EXERCISE OBJECTIVE:
Can you pull out each line of the data below that includes the word "forall"?

[Saved entries]
******

(* Let $(R,\mathfrak{m},k)$ be a commutative Noetherian local ring, let $x,y\in R$ and let $n\ge0$ be an integer. For an $R$-module $M$ the following are equivalent: (1) there is an exact sequence of $R$-modules $0 \to (R/(x))^n \to M \to R/(y) \to 0$; (2) there is an exact sequence of $R$-modules $R^{n+1} \xrightarrow{T(x,y,a_1,\dots,a_n)} R^{n+1} \to M \to 0$ for some elements $a_1,\dots,a_n\in((x):(0:y))$.
   Context: For $x,y,a_1,\dots,a_n\in R$, $T(x,y,a_1,\dots,a_n)$ denotes the $(n+1)\times(n+1)$ matrix whose upper-left $n\times n$ block is $x$ times the identity matrix, whose last column is $(a_1,\dots,a_n,y)^{T}$, and all of whose other entries are $0$; for $n=0$ it is the $1\times1$ matrix $(y)$. Here $((x):(0:y))=\{r\in R : r\,(0:y)\subseteq (x)\}$, where $(0:y)=\{r\in R: ry=0\}$. *)

theory Defs
  imports "HOL-Algebra.Module" "HOL-Algebra.QuotRing" "HOL-Algebra.Ring_Divisibility"
begin

definition local_cring :: "('a, 'c) ring_scheme \<Rightarrow> bool" where
  "local_cring R \<longleftrightarrow> cring R \<and> (\<exists>!m. maximalideal m R)"

definition mod_hom ::
  "('a, 'c) ring_scheme \<Rightarrow> ('a, 'b, 'd) module_scheme \<Rightarrow> ('a, 'e, 'f) module_scheme \<Rightarrow> ('b \<Rightarrow> 'e) set" where
  "mod_hom R M N = {f. f \<in> carrier M \<rightarrow> carrier N
     \<and> (\<forall>u\<in>carrier M. \<forall>v\<in>carrier M. f (u \<oplus>\<^bsub>M\<^esub> v) = f u \<oplus>\<^bsub>N\<^esub> f v)
     \<and> (\<forall>r\<in>carrier R. \<forall>u\<in>carrier M. f (r \<odot>\<^bsub>M\<^esub> u) = r \<odot>\<^bsub>N\<^esub> f u)}"

definition mod_ker :: "('a, 'b, 'd) module_scheme \<Rightarrow> ('a, 'e, 'f) module_scheme \<Rightarrow> ('b \<Rightarrow> 'e) \<Rightarrow> 'b set" where
  "mod_ker M N f = {u \<in> carrier M. f u = \<zero>\<^bsub>N\<^esub>}"

definition self_mod :: "('a, 'c) ring_scheme \<Rightarrow> ('a, 'a) module" where
  "self_mod R = \<lparr>carrier = carrier R, monoid.mult = monoid.mult R, one = \<one>\<^bsub>R\<^esub>,
     zero = \<zero>\<^bsub>R\<^esub>, add = add R, smult = monoid.mult R\<rparr>"

definition quot_mod :: "('a, 'c) ring_scheme \<Rightarrow> 'a set \<Rightarrow> ('a, 'a set) module" where
  "quot_mod R I = \<lparr>carrier = carrier (R Quot I), monoid.mult = monoid.mult (R Quot I),
     one = \<one>\<^bsub>R Quot I\<^esub>, zero = \<zero>\<^bsub>R Quot I\<^esub>, add = add (R Quot I),
     smult = (\<lambda>r X. rcoset_mult R I (I +>\<^bsub>R\<^esub> r) X)\<rparr>"

definition pow_mod :: "('a, 'b, 'd) module_scheme \<Rightarrow> nat \<Rightarrow> ('a, nat \<Rightarrow> 'b) module" where
  "pow_mod M n = \<lparr>carrier = PiE {..<n} (\<lambda>_. carrier M),
     monoid.mult = (\<lambda>u v. \<lambda>i\<in>{..<n}. u i \<otimes>\<^bsub>M\<^esub> v i),
     one = (\<lambda>i\<in>{..<n}. \<one>\<^bsub>M\<^esub>),
     zero = (\<lambda>i\<in>{..<n}. \<zero>\<^bsub>M\<^esub>),
     add = (\<lambda>u v. \<lambda>i\<in>{..<n}. u i \<oplus>\<^bsub>M\<^esub> v i),
     smult = (\<lambda>r u. \<lambda>i\<in>{..<n}. r \<odot>\<^bsub>M\<^esub> u i)\<rparr>"

definition short_exact ::
  "('a, 'c) ring_scheme \<Rightarrow> ('a, 'b1, 'd1) module_scheme \<Rightarrow> ('a, 'b2, 'd2) module_scheme
   \<Rightarrow> ('a, 'b3, 'd3) module_scheme \<Rightarrow> ('b1 \<Rightarrow> 'b2) \<Rightarrow> ('b2 \<Rightarrow> 'b3) \<Rightarrow> bool" where
  "short_exact R A M B f g \<longleftrightarrow> f \<in> mod_hom R A M \<and> g \<in> mod_hom R M B
     \<and> inj_on f (carrier A) \<and> f ` carrier A = mod_ker M B g \<and> g ` carrier M = carrier B"

definition presentation_exact ::
  "('a, 'c) ring_scheme \<Rightarrow> ('a, 'b1, 'd1) module_scheme \<Rightarrow> ('a, 'b2, 'd2) module_scheme
   \<Rightarrow> ('a, 'b3, 'd3) module_scheme \<Rightarrow> ('b1 \<Rightarrow> 'b2) \<Rightarrow> ('b2 \<Rightarrow> 'b3) \<Rightarrow> bool" where
  "presentation_exact R F G M h g \<longleftrightarrow> h \<in> mod_hom R F G \<and> g \<in> mod_hom R G M
     \<and> h ` carrier F = mod_ker G M g \<and> g ` carrier G = carrier M"

definition mat_map :: "('a, 'c) ring_scheme \<Rightarrow> nat \<Rightarrow> nat \<Rightarrow> (nat \<Rightarrow> nat \<Rightarrow> 'a) \<Rightarrow> (nat \<Rightarrow> 'a) \<Rightarrow> nat \<Rightarrow> 'a" where
  "mat_map R m n A v = (\<lambda>i\<in>{..<m}. finsum R (\<lambda>j. A i j \<otimes>\<^bsub>R\<^esub> v j) {..<n})"

text \<open>The (n+1)x(n+1) matrix T(x,y,a_1,...,a_n), rows/columns indexed 0..n:
  x on the diagonal of the upper-left n x n block, last column (a_1,...,a_n,y), zeros elsewhere.\<close>
definition T_mat :: "('a, 'c) ring_scheme \<Rightarrow> nat \<Rightarrow> 'a \<Rightarrow> 'a \<Rightarrow> (nat \<Rightarrow> 'a) \<Rightarrow> nat \<Rightarrow> nat \<Rightarrow> 'a" where
  "T_mat R n x y a i j =
     (if j = n then (if i = n then y else a (Suc i))
      else if i = j then x else \<zero>\<^bsub>R\<^esub>)"

definition annihilator :: "('a, 'c) ring_scheme \<Rightarrow> 'a \<Rightarrow> 'a set" where
  "annihilator R y = {r \<in> carrier R. r \<otimes>\<^bsub>R\<^esub> y = \<zero>\<^bsub>R\<^esub>}"

definition colon_ideal :: "('a, 'c) ring_scheme \<Rightarrow> 'a set \<Rightarrow> 'a set \<Rightarrow> 'a set" where
  "colon_ideal R I J = {r \<in> carrier R. \<forall>s\<in>J. r \<otimes>\<^bsub>R\<^esub> s \<in> I}"

end

theory Submission
  imports Defs
begin

(*
  Let I = (x), J = (y) and let e_0, ..., e_n be the standard basis of F = R^(n+1).

  Given 0 -> (R/I)^n --f--> M --h--> R/J -> 0, lift 1 + J to some m in M. Then y m lies in
  the kernel of h, so y m = f(b mod I) for some b in R^n, and v |-> f(v_0..v_(n-1) mod I) + v_n m
  maps F onto M with kernel the image of T(x, y, -b_0, ..., -b_(n-1)). These coefficients lie in
  (I : (0:y)): if s y = 0 then f(s b mod I) = s y m = 0, so s b lies in I^n as f is injective.

  Conversely, given a presentation g by T(x, y, a), the images of e_0, ..., e_(n-1) span a copy
  of (R/I)^n in M, and the last coordinate modulo J induces M -> R/J with exactly that kernel.
  A relation T w between the first n basis vectors has y w_n = 0, and a_i (0:y) is contained
  in I; this gives injectivity.
*)

lemma pow_mod_simps:
  "carrier (pow_mod M n) = PiE {..<n} (\<lambda>_. carrier M)"
  "u \<oplus>\<^bsub>pow_mod M n\<^esub> v = (\<lambda>i\<in>{..<n}. u i \<oplus>\<^bsub>M\<^esub> v i)"
  "\<zero>\<^bsub>pow_mod M n\<^esub> = (\<lambda>i\<in>{..<n}. \<zero>\<^bsub>M\<^esub>)"
  "r \<odot>\<^bsub>pow_mod M n\<^esub> u = (\<lambda>i\<in>{..<n}. r \<odot>\<^bsub>M\<^esub> u i)"
  by (simp_all add: pow_mod_def)

lemma self_mod_simps:
  "carrier (self_mod R) = carrier R"
  "u \<oplus>\<^bsub>self_mod R\<^esub> v = u \<oplus>\<^bsub>R\<^esub> v"
  "\<zero>\<^bsub>self_mod R\<^esub> = \<zero>\<^bsub>R\<^esub>"
  "r \<odot>\<^bsub>self_mod R\<^esub> u = r \<otimes>\<^bsub>R\<^esub> u"
  by (simp_all add: self_mod_def)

******

RESULT OF THE EXERCISE:
     \<and> (\<forall>u\<in>carrier M. \<forall>v\<in>carrier M. f (u \<oplus>\<^bsub>M\<^esub> v) = f u \<oplus>\<^bsub>N\<^esub> f v)
     \<and> (\<forall>r\<in>carrier R. \<forall>u\<in>carrier M. f (r \<odot>\<^bsub>M\<^esub> u) = r \<odot>\<^bsub>N\<^esub> f u)}"
  "colon_ideal R I J = {r \<in> carrier R. \<forall>s\<in>J. r \<otimes>\<^bsub>R\<^esub> s \<in> I}"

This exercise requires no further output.